Even if the child did sleep quietly for eight hours a day, it is difficult to imagine new parents having the self-restraint to not fuss over them. Add in the co-workers who will inevitably stop by to play with the baby and congratulate the parent, and it may be difficult to envisage how the new mother or father will get any work done at all!
Baby-scheme workplaces have attempted to solve this problem by having a “backup” caregiver to look after the baby while the parent is focusing or in a meeting, but this option raises a host of problems of its own. In particular: would co-workers feel co-opted into this babysitting role and unable to say no, particularly if the parent is their manager or senior to them? Babysitting is so far out of the regular office job description that it seems unfair to force people to pick up this duty.
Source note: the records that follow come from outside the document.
(* Let periodic point sets $S,Q\subset\mathbb R^n$ have bottleneck distance $d_B(S,Q)<r(Q)$, where the packing radius $r(Q)$ is the minimum half-distance between any two distinct points of $Q$. Then for any radius $\alpha\ge0$, $\mathrm{EMD}(I(S;\alpha),I(Q;\alpha))\le 2d_B(S,Q)$.
   Context: A periodic point set is $S=M+\Lambda\subset\mathbb R^n$ with $\Lambda=\{\sum c_iv_i:c_i\in\mathbb Z\}$ a lattice, $U=\{\sum c_iv_i:c_i\in[0,1)\}$ a unit cell and $M\subset U$ a finite motif of $m$ points. Bottleneck distance: $d_B(S,Q)=\inf_{g}\sup_{p\in S}|p-g(p)|$ over all bijections $g:S\to Q$. For $p\in S$, the $\alpha$-cluster $C(S,p;\alpha)=S\cap\bar B(p;\alpha)$ has center $p$; points $p,q$ are $\alpha$-equivalent if some isometry of $\mathbb R^n$ maps $C(S,p;\alpha)$ onto $C(S,q;\alpha)$ with $p\mapsto q$. The isoset $I(S;\alpha)$ is the unordered set of pairs $(\sigma,w)$, one for each $\alpha$-equivalence class meeting $M$ in $k$ points, where $\sigma$ is the isometry class (under center-preserving isometries) of the $\alpha$-cluster of one of these points and $w=k/m$. For finite $C,D\subset\mathbb R^n$: $d_H(C,D)=\max_{p\in C}\min_{q\in D}|p-q|$, $d_R(C,D)=\min_{f\in\mathrm O(\mathbb R^n)}d_H(f(C),D)$. For classes $\sigma,\xi$ represented by $C(S,p;\alpha),C(Q,q;\alpha)$, $d_C(\sigma,\xi)$ is the minimum $\varepsilon\in[0,\alpha]$ with $d_R(C(S,p;\alpha-\varepsilon)-p,C(Q,q;\alpha)-q)\le\varepsilon$ and $d_R(C(Q,q;\alpha-\varepsilon)-q,C(S,p;\alpha)-p)\le\varepsilon$. For $I(S;\alpha)=\{(\sigma_i,w_i)\}_{i=1}^{m(S)}$, $I(Q;\alpha)=\{(\xi_j,v_j)\}_{j=1}^{m(Q)}$, $\mathrm{EMD}(I(S;\alpha),I(Q;\alpha))$ is the minimum of $\sum_{i,j}f_{ij}d_C(\sigma_i,\xi_j)$ over $f_{ij}\in[0,1]$ with $\sum_jf_{ij}\le w_i$, $\sum_if_{ij}\le v_j$, $\sum_{i,j}f_{ij}=1$. *)

theory Defs
  imports "HOL-Analysis.Analysis" "HOL-Library.Extended_Real"
begin

text \<open>Points live in an abstract Euclidean space 'a (= R^n, n = DIM('a)).
  A lattice basis is a linearly independent set B of DIM('a) vectors.\<close>

definition lattice :: "'a::euclidean_space set \<Rightarrow> 'a set" where
  "lattice B = {(\<Sum>v\<in>B. c v *\<^sub>R v) | c. \<forall>v\<in>B. c v \<in> \<int>}"

definition unit_cell :: "'a::euclidean_space set \<Rightarrow> 'a set" where
  "unit_cell B = {(\<Sum>v\<in>B. c v *\<^sub>R v) | c. \<forall>v\<in>B. c v \<in> {0..<1}}"

definition periodic_rep :: "'a::euclidean_space set \<Rightarrow> 'a set \<Rightarrow> 'a set \<Rightarrow> bool" where
  "periodic_rep B M S \<longleftrightarrow>
     independent B \<and> card B = DIM('a) \<and>
     finite M \<and> M \<noteq> {} \<and> M \<subseteq> unit_cell B \<and>
     S = {p + l | p l. p \<in> M \<and> l \<in> lattice B}"

definition bottleneck_dist :: "'a::euclidean_space set \<Rightarrow> 'a set \<Rightarrow> ereal" where
  "bottleneck_dist S Q = (INF g\<in>{g. bij_betw g S Q}. SUP p\<in>S. ereal (norm (p - g p)))"

definition packing_radius :: "'a::euclidean_space set \<Rightarrow> real" where
  "packing_radius Q = Inf {dist p q / 2 | p q. p \<in> Q \<and> q \<in> Q \<and> p \<noteq> q}"

definition cluster :: "'a::euclidean_space set \<Rightarrow> 'a \<Rightarrow> real \<Rightarrow> 'a set" where
  "cluster S p \<alpha> = S \<inter> cball p \<alpha>"

definition isometry :: "('a::euclidean_space \<Rightarrow> 'a) \<Rightarrow> bool" where
  "isometry f \<longleftrightarrow> (\<forall>x y. dist (f x) (f y) = dist x y)"

definition alpha_equiv :: "'a::euclidean_space set \<Rightarrow> real \<Rightarrow> 'a \<Rightarrow> 'a \<Rightarrow> bool" where
  "alpha_equiv S \<alpha> p q \<longleftrightarrow>
     (\<exists>f. isometry f \<and> f ` cluster S p \<alpha> = cluster S q \<alpha> \<and> f p = q)"

definition dH :: "'a::euclidean_space set \<Rightarrow> 'a set \<Rightarrow> real" where
  "dH C D = Max ((\<lambda>p. Min ((\<lambda>q. dist p q) ` D)) ` C)"

definition dR :: "'a::euclidean_space set \<Rightarrow> 'a set \<Rightarrow> real" where
  "dR C D = (INF f\<in>{f. orthogonal_transformation f}. dH (f ` C) D)"

text \<open>Distance between the isometry classes of the alpha-clusters of p in S and q in Q.\<close>
definition dC :: "'a::euclidean_space set \<Rightarrow> 'a \<Rightarrow> 'a set \<Rightarrow> 'a \<Rightarrow> real \<Rightarrow> real" where
  "dC S p Q q \<alpha> = Inf {\<epsilon> \<in> {0..\<alpha>}.
       dR ((\<lambda>x. x - p) ` cluster S p (\<alpha> - \<epsilon>)) ((\<lambda>x. x - q) ` cluster Q q \<alpha>) \<le> \<epsilon> \<and>
       dR ((\<lambda>x. x - q) ` cluster Q q (\<alpha> - \<epsilon>)) ((\<lambda>x. x - p) ` cluster S p \<alpha>) \<le> \<epsilon>}"

text \<open>The isoset I(S;alpha): the alpha-equivalence classes meeting the motif M
  (each given by its intersection with M), with weight k/m.\<close>
definition iso_classes :: "'a::euclidean_space set \<Rightarrow> 'a set \<Rightarrow> real \<Rightarrow> 'a set set" where
  "iso_classes S M \<alpha> = (\<lambda>p. {q \<in> M. alpha_equiv S \<alpha> p q}) ` M"

definition iso_weight :: "'a set \<Rightarrow> 'a set \<Rightarrow> real" where
  "iso_weight M K = real (card K) / real (card M)"

definition class_rep :: "'a set \<Rightarrow> 'a" where
  "class_rep K = (SOME p. p \<in> K)"

definition EMD_iso :: "'a::euclidean_space set \<Rightarrow> 'a set \<Rightarrow> 'a set \<Rightarrow> 'a set \<Rightarrow> real \<Rightarrow> real" where
  "EMD_iso S MotS Q MotQ \<alpha> = Inf
     {(\<Sum>K\<in>iso_classes S MotS \<alpha>. \<Sum>L\<in>iso_classes Q MotQ \<alpha>.
          F K L * dC S (class_rep K) Q (class_rep L) \<alpha>) | F.
        (\<forall>K\<in>iso_classes S MotS \<alpha>. \<forall>L\<in>iso_classes Q MotQ \<alpha>. F K L \<in> {0..1}) \<and>
        (\<forall>K\<in>iso_classes S MotS \<alpha>. (\<Sum>L\<in>iso_classes Q MotQ \<alpha>. F K L) \<le> iso_weight MotS K) \<and>
        (\<forall>L\<in>iso_classes Q MotQ \<alpha>. (\<Sum>K\<in>iso_classes S MotS \<alpha>. F K L) \<le> iso_weight MotQ L) \<and>
        (\<Sum>K\<in>iso_classes S MotS \<alpha>. \<Sum>L\<in>iso_classes Q MotQ \<alpha>. F K L) = 1}"

end

theory Submission
  imports Defs "HOL-Real_Asymp.Real_Asymp"
begin

text \<open>Let g be a bijection from S onto Q moving every point by at most \<delta>. Moving the
(\<alpha> - 2\<delta>)-cluster of p by g lands within 2\<delta> of the \<alpha>-cluster of g p, and
conversely, so dC(p, g p) \<le> 2\<delta>; moreover dC only depends on the \<alpha>-equivalence
classes of its arguments.

Count, over the points x = p + l of S with p in the motif and l a lattice vector of norm at
most R, the pairs (class of x, class of g x). Normalised, this is a partial transport plan of
cost at most 2\<delta> whose row sums are the weights of I(S;\<alpha>) scaled by N(R) / N(R + 2c),
where N counts lattice vectors in a ball and c bounds the motif radii and \<delta>; as g is
injective, its column sums stay below the weights of I(Q;\<alpha>). Since N grows polynomially,
some R makes this ratio arbitrarily close to 1, and completing the plan costs at most \<alpha>
times the missing mass.\<close>

lemma span_full_basis:
  fixes B :: "'a::euclidean_space set"
  assumes "independent B" "card B = DIM('a)"
  shows "span B = UNIV"
proof -
  have "finite B" using assms(1) independent_explicit by blast
  then show ?thesis using card_eq_dim[of B UNIV] assms by (simp add: top.extremum_unique)
qed

lemma independent_coefficients_unique:
  fixes B :: "'a::euclidean_space set"
  assumes "independent B" "(\<Sum>w\<in>B. c w *\<^sub>R w) = (\<Sum>w\<in>B. d w *\<^sub>R w)" "v \<in> B"
  shows "c v = d v"
proof -
  have "(\<Sum>w\<in>B. (c w - d w) *\<^sub>R w) = 0"
    using assms(2) by (simp add: scaleR_diff_left sum_subtractf)
  moreover have "\<forall>c. (\<Sum>w\<in>B. c w *\<^sub>R w) = 0 \<longrightarrow> (\<forall>v\<in>B. c v = 0)"
    using assms(1) unfolding independent_explicit by blast
  ultimately show ?thesis using assms(3) by fastforce
qed

lemma full_basis_coefficient_bound:
  fixes B :: "'a::euclidean_space set"
  assumes "independent B" "card B = DIM('a)"
  obtains K where "K > 0" "\<And>c v. v \<in> B \<Longrightarrow> \<bar>c v\<bar> \<le> K * norm (\<Sum>w\<in>B. c w *\<^sub>R w)"
proof -
  have finB: "finite B" and spanB: "span B = UNIV"
    using assms span_full_basis independent_explicit by auto
  have "\<exists>K>0. \<forall>x. \<bar>representation B x v\<bar> \<le> K * norm x" for v
    using bounded_linear.pos_bounded[OF bounded_linear_representation[OF assms(1) spanB, of v]]
    by (auto simp: mult.commute)
  then obtain Kv where Kv: "\<And>v. Kv v > 0" "\<And>v x. \<bar>representation B x v\<bar> \<le> Kv v * norm x"
    by (metis (no_types))
  have coeff: "representation B (\<Sum>w\<in>B. c w *\<^sub>R w) v = c v" if "v \<in> B" for c v
  proof -
    let ?x = "\<Sum>w\<in>B. c w *\<^sub>R w"
    have "(\<Sum>w\<in>B. representation B ?x w *\<^sub>R w) = ?x"
      using real_vector.sum_representation_eq[OF assms(1), of ?x B] finB spanB by auto
    then show ?thesis using independent_coefficients_unique[OF assms(1)] that by metis
  qed
  show thesis
  proof (rule that)
    have "B \<noteq> {}" using assms(2) DIM_positive by (metis card.empty less_irrefl)
    then show "(\<Sum>v\<in>B. Kv v) > 0" using finB Kv(1) by (simp add: sum_pos)
    fix c v assume "v \<in> B"
    then have "\<bar>c v\<bar> \<le> Kv v * norm (\<Sum>w\<in>B. c w *\<^sub>R w)"
      using Kv(2)[of "\<Sum>w\<in>B. c w *\<^sub>R w" v] coeff by simp
    also have "\<dots> \<le> (\<Sum>v\<in>B. Kv v) * norm (\<Sum>w\<in>B. c w *\<^sub>R w)"
    proof (rule mult_right_mono)
      show "Kv v \<le> (\<Sum>v\<in>B. Kv v)"
        using \<open>v \<in> B\<close> finB Kv(1) by (metis member_le_sum less_imp_le)
    qed simp
    finally show "\<bar>c v\<bar> \<le> (\<Sum>v\<in>B. Kv v) * norm (\<Sum>w\<in>B. c w *\<^sub>R w)" .
  qed
qed

lemma lattice_memI: "(\<And>v. v \<in> B \<Longrightarrow> c v \<in> \<int>) \<Longrightarrow> (\<Sum>v\<in>B. c v *\<^sub>R v) \<in> lattice B"
  unfolding lattice_def by blast

lemma lattice_add:
  assumes "x \<in> lattice B" "y \<in> lattice B" shows "x + y \<in> lattice B"
proof -
  obtain c d where "x = (\<Sum>v\<in>B. c v *\<^sub>R v)" "\<forall>v\<in>B. c v \<in> \<int>"
    and "y = (\<Sum>v\<in>B. d v *\<^sub>R v)" "\<forall>v\<in>B. d v \<in> \<int>"
    using assms unfolding lattice_def by blast
  then show ?thesis
    using lattice_memI[of B "\<lambda>v. c v + d v"] by (simp add: scaleR_add_left sum.distrib)
qed

lemma lattice_uminus:
  assumes "x \<in> lattice B" shows "- x \<in> lattice B"
proof -
  obtain c where "x = (\<Sum>v\<in>B. c v *\<^sub>R v)" "\<forall>v\<in>B. c v \<in> \<int>"
    using assms unfolding lattice_def by blast
  then show ?thesis using lattice_memI[of B "\<lambda>v. - c v"] by (simp add: sum_negf)
qed

lemma lattice_diff: "x \<in> lattice B \<Longrightarrow> y \<in> lattice B \<Longrightarrow> x - y \<in> lattice B"
  using lattice_add[of x B "- y"] lattice_uminus by auto

lemma zero_in_lattice: "0 \<in> lattice B"
  using lattice_memI[of B "\<lambda>v. 0"] by simp

lemma unit_cell_lattice_decomposition_unique:
  fixes B :: "'a::euclidean_space set"
  assumes "independent B" "p \<in> unit_cell B" "p' \<in> unit_cell B" "l \<in> lattice B" "l' \<in> lattice B"
    and "p + l = p' + l'"
  shows "p = p'"
proof -
  obtain a a' c c' where
    a: "p = (\<Sum>v\<in>B. a v *\<^sub>R v)" "\<forall>v\<in>B. a v \<in> {0..<1}" and
    a': "p' = (\<Sum>v\<in>B. a' v *\<^sub>R v)" "\<forall>v\<in>B. a' v \<in> {0..<1}" and
    c: "l = (\<Sum>v\<in>B. c v *\<^sub>R v)" "\<forall>v\<in>B. c v \<in> \<int>" and
    c': "l' = (\<Sum>v\<in>B. c' v *\<^sub>R v)" "\<forall>v\<in>B. c' v \<in> \<int>"
    using assms(2-5) unfolding unit_cell_def lattice_def by blast
  have "a v = a' v" if "v \<in> B" for v
  proof -
    have "(\<Sum>v\<in>B. (a v + c v) *\<^sub>R v) = (\<Sum>v\<in>B. (a' v + c' v) *\<^sub>R v)"
      using assms(6) a c a' c' by (simp add: scaleR_add_left sum.distrib)
    then have "a v + c v = a' v + c' v"
      by (rule independent_coefficients_unique[OF assms(1) _ that])
    then have coeff: "a v - a' v = c' v - c v" by simp
    have "c' v - c v \<in> \<int>" using c(2) c'(2) that by simp
    then obtain z where z: "c' v - c v = of_int z" by (auto elim: Ints_cases)
    have "a v \<in> {0..<1}" "a' v \<in> {0..<1}" using a(2) a'(2) that by auto
    then have "\<bar>real_of_int z\<bar> < 1" using coeff z by auto
    then have "z = 0" by linarith
    then show ?thesis using coeff z by simp
  qed
  then show ?thesis unfolding a(1) a'(1) by (intro sum.cong) auto
qed
(* Let $k\ge 2$ be an integer. The number $b_0(\mathcal F_k)$ of connected components of the $k$-Farey graph $\mathcal F_k$ is \[ b_0(\mathcal F_k)=\begin{cases} p^{\ell-1}(p+1) & \text{if } k=p^\ell \text{ for a prime } p \text{ and an integer } \ell>0,\\ \infty & \text{otherwise.}\end{cases} \]
   Context: The vertex set $V$ consists of all reduced fractions $p/q$ with $p,q\in\mathbb Z$, $\gcd(p,q)=1$, together with $1/0$; here $p/q$ and $(-p)/(-q)$ denote the same vertex. For vertices define $d(p/q,a/b)=|pb-qa|$ (well defined). The $k$-Farey graph $\mathcal F_k$ has vertex set $V$, with an edge between $p/q$ and $a/b$ exactly when $d(p/q,a/b)=k$. *)

theory Defs
  imports "HOL-Computational_Algebra.Primes"
begin

text \<open>Vertices of the k-Farey graph: reduced fractions p/q, together with 1/0, where
  p/q and (-p)/(-q) are identified.\<close>
definition farey_vertices :: "(int \<times> int) set" where
  "farey_vertices = {(p, q). coprime p q \<and> (q > 0 \<or> (q = 0 \<and> p = 1))}"

definition farey_dist :: "int \<times> int \<Rightarrow> int \<times> int \<Rightarrow> int" where
  "farey_dist u v = \<bar>fst u * snd v - snd u * fst v\<bar>"

definition farey_edges :: "nat \<Rightarrow> ((int \<times> int) \<times> (int \<times> int)) set" where
  "farey_edges k = {(u, v). u \<in> farey_vertices \<and> v \<in> farey_vertices \<and> farey_dist u v = int k}"
(* Let $\mathcal{H}$ and $\mathcal{K}$ be finite-dimensional complex Hilbert spaces and let $\Psi: B(\mathcal{H})\to B(\mathcal{K})$ be a Hermitian-preserving trace-preserving linear map, with dual (adjoint) map $\Psi^*: B(\mathcal{K})\to B(\mathcal{H})$ defined by $\operatorname{Tr}(\Psi^*(Y)^\dagger X)=\operatorname{Tr}(Y^\dagger\Psi(X))$ for all $X\in B(\mathcal{H})$, $Y\in B(\mathcal{K})$. Then exactly one of the following holds: (1) $\Psi$ is semi-positive, i.e. there is an invertible density matrix $\rho\in B(\mathcal{H})$ such that $\Psi(\rho)$ is an invertible density matrix; (2) $-\Psi^*$ is semi-nonnegative, i.e. there is a density matrix $\sigma\in B(\mathcal{K})$ such that $-\Psi^*(\sigma)$ is positive semidefinite.
   Context: $B(\mathcal{H})$ denotes all linear operators on $\mathcal{H}$; a density matrix is a positive semidefinite operator of trace one. A map is Hermitian-preserving if $\Psi(X^\dagger)=\Psi(X)^\dagger$ and trace-preserving if $\operatorname{Tr}\Psi(X)=\operatorname{Tr}X$. *)

theory Defs
  imports "HOL-Analysis.Analysis"
begin

text \<open>Operators on a finite-dimensional complex Hilbert space of dimension CARD('n),
  represented as complex CARD('n) x CARD('n) matrices.\<close>

definition mtrace :: "complex^'n^'n \<Rightarrow> complex" where
  "mtrace A = (\<Sum>i\<in>UNIV. A $ i $ i)"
Babies don’t just distract their parents, but all the other people around them. Such interruption seems particularly unfair for co-workers who either don’t like kids or don’t agree with having them at work. Should such staff feel that the introduction of small children means they’re unable to complete their own work as quickly or as to as high a quality, it’s likely to cause a backlash.
Luckily, this has a relatively simple solution: moving parents and babies to their own area or office and putting a ban on babies in meetings.
Babies don’t just cause disruption – they can cause actual damage, as anyone who has left a toddler alone with a crayon box will know. Curious kids let loose in the office could mess up files, pull things over, upchuck on staff and so forth.
It is impractical to insist parents never lets their attention wander from their child, but one solution could be to ban babies from the office once they get to the walking stage. This measure is already used by many baby-friendly companies, including Addison Lee. Similarly, the employer could reserve the right to ban particularly rowdy babies from the office altogether. Whether that would cause consternation from the badly-behaved babies’ parents is an open question.
Smart companies are always worrying about getting into a legal entanglement. Babies in the workplace add a whole new layer of complexity: what happens if one of them gets hurt? Could the employer be sued for negligence? Even if they couldn’t, such an at-fault incident could undoubtedly cause company morale to plummet.
The potential for inadvertent (or even intentional) harm is exacerbated if babies are routinely left in the care of their parents’ co-workers. Accidents happen, but if the parent blames the staff member for the incident, a spiral of persecution, demonization and even firings could result. Should such a thing happen, the negative aftershock on the whole office could be catastrophic.